Le juge de l’amour :

- Cette jeune fille est citée à comparaître dans ce tribunal des cœurs brisés pour s’être fait aimée de ce jeune homme et pour lui avoir fait croire que les sentiments étaient partagés.

Maître Cupidon la parole est à vous :

- Les faits vous accusent et vous accablent chère demoiselle...votre charme enivrant et votre sourire angélique ont trompé mon client. Vous avez usé abusivement de votre pouvoir de séduction pour amener ce jeune homme à s’éprendre de vous.
Je tiens à inviter les membres du jury à contempler le majestueux regard ainsi que la grâce pleine de volupté de l’accusée.
Nul homme doté de tous ses sens n’aurait pu se défaire de la magnificence de son corps mais aussi et surtout de sa personnalité pleine d’entrain aspirant à un attachement sans mesure.

Elle a délibérément usé de ses atouts physiques et moraux pour amener mon client à se perdre dans une émotion qu’il a consenti à connaître malgré lui.

Pour parfaire l’argumentation de mon plaidoyer j’ai fait appel à un expert qui sera à même de nous présenter une analyse très précise sur l’apparence de la jeune femme. J’appelle le docteur Narcisse à la barre.

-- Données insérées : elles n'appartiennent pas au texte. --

(* $$\sum_{n=1}^\infty \frac{H_n \binom{2n}{n}}{(2n-1)^2\, 2^{2n}} = \pi(1-\log 2) - 4(1-G),$$ where $G$ is Catalan's constant.
   Context: $H_n=\sum_{k=1}^n \frac{1}{k}$ denotes the $n$-th harmonic number and $\binom{2n}{n}$ the central binomial coefficient; $G=\sum_{n=0}^\infty \frac{(-1)^n}{(2n+1)^2}$ is Catalan's constant; $\log$ is the natural logarithm. *)

theory Defs
  imports "HOL-Analysis.Analysis"
begin

definition catalan :: real where
  "catalan = (\<Sum>n. (-1) ^ n / (2 * real n + 1) ^ 2)"

end

(*
  Write c n = (2n choose n) / 4^n.  Integrating the binomial series of 1/sqrt(1 - x) twice gives
    sum_n c (n+1) / (2n+1)^2 * t^(2n+2) = t arcsin t + sqrt (1 - t^2) - 1     for |t| <= 1,
  and H_m is the integral of 2 tan x (1 - sin x ^ 2m) over [0, pi/2].  All terms being
  nonnegative, the sum may be taken under the integral; with t = sin x the series becomes the
  integral of 2 tan x (pi/2 - x sin x - cos x).  Up to the derivative of an elementary function
  this integrand is (pi - 2x) / cos x, whose integral the substitution y = tan (pi/4 - x/2)
  turns into 4 Ti_2(1) = 4 G, Ti_2 being the inverse tangent integral.
*)
theory Submission
  imports Defs
begin

section \<open>Central binomial coefficients\<close>

definition scaled_central_binomial :: "nat \<Rightarrow> real" where
  "scaled_central_binomial n = real ((2 * n) choose n) / 4 ^ n"

lemma scaled_central_binomial_nonneg: "0 \<le> scaled_central_binomial n"
  by (simp add: scaled_central_binomial_def)

lemma scaled_central_binomial_le_1: "scaled_central_binomial n \<le> 1"
proof -
  have "real ((2 * n) choose n) \<le> 2 ^ (2 * n)"
    using binomial_le_pow2[of "2 * n" n] by (metis of_nat_le_iff of_nat_numeral of_nat_power)
  then show ?thesis
    by (simp add: scaled_central_binomial_def power_mult)
qed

Docteur, pouvez vous nous établir la conclusion que vous avez rédigé lors de votre expertise ?

- La conclusion qui en est ressortie après entretien avec l’accusée votre Honneur, est la suivante : Le caractère unanime de sa beauté ne faisant aucun doute sur la déconvenue de la victime qui s’en est amourachée inévitablement sans prendre garde aux démêlées qu’elle cachait a succombé de manière logique à une apparence mielleuse. De ce fait, il n’a pu aucunement lutter contre le diktat de sa chair.

- Je vous remercie docteur Narcisse pour ces précisions qui seront conservées très précieusement par le greffier du cœur.

Maître Cupidon veuillez poursuivre votre plaidoirie.

- Votre Honneur si je puis me permettre, laissez moi vous présenter un objet qui possède
tout son sens au vu de l’affaire. Il s’agit d’une flèche provenant de mon carquois.
Comme la Cour peut le constater, elle est intacte. Or il se trouve qu’elle a été tirée par mes soins en direction de l’accusée. Pour ceux qui se demande ce de quoi il en retourne, mes fonctions s’élargissent au delà de mon métier d’avocat de l’amour, car il m’arrive à mes heures perdues de me prêter au rôle singulier de conciliateur. Autrement dit, Je m’évertue à faire tomber les personnes amoureuses les unes des autres en les transperçant de mes flèches. Oh mais rassurez vous, celles-ci ne tuent pas car elles sont enchantées ! Et pourtant bien que très puissant le charme n’a pas agi sur cette fille sur laquelle mon dévolu s’était jeté ! Voyez la flèche ici présente qui était censée se plier au contact de sa peau…remarquez vous la moindre fêlure ? Bien sur que non car cette femme est insensible aux effets de l’amour !
En revanche, cette autre flèche que j’ai extraite ardemment de mon client est belle et bien fourchue ! C’est la le signe que l’enchantement a bien fonctionné !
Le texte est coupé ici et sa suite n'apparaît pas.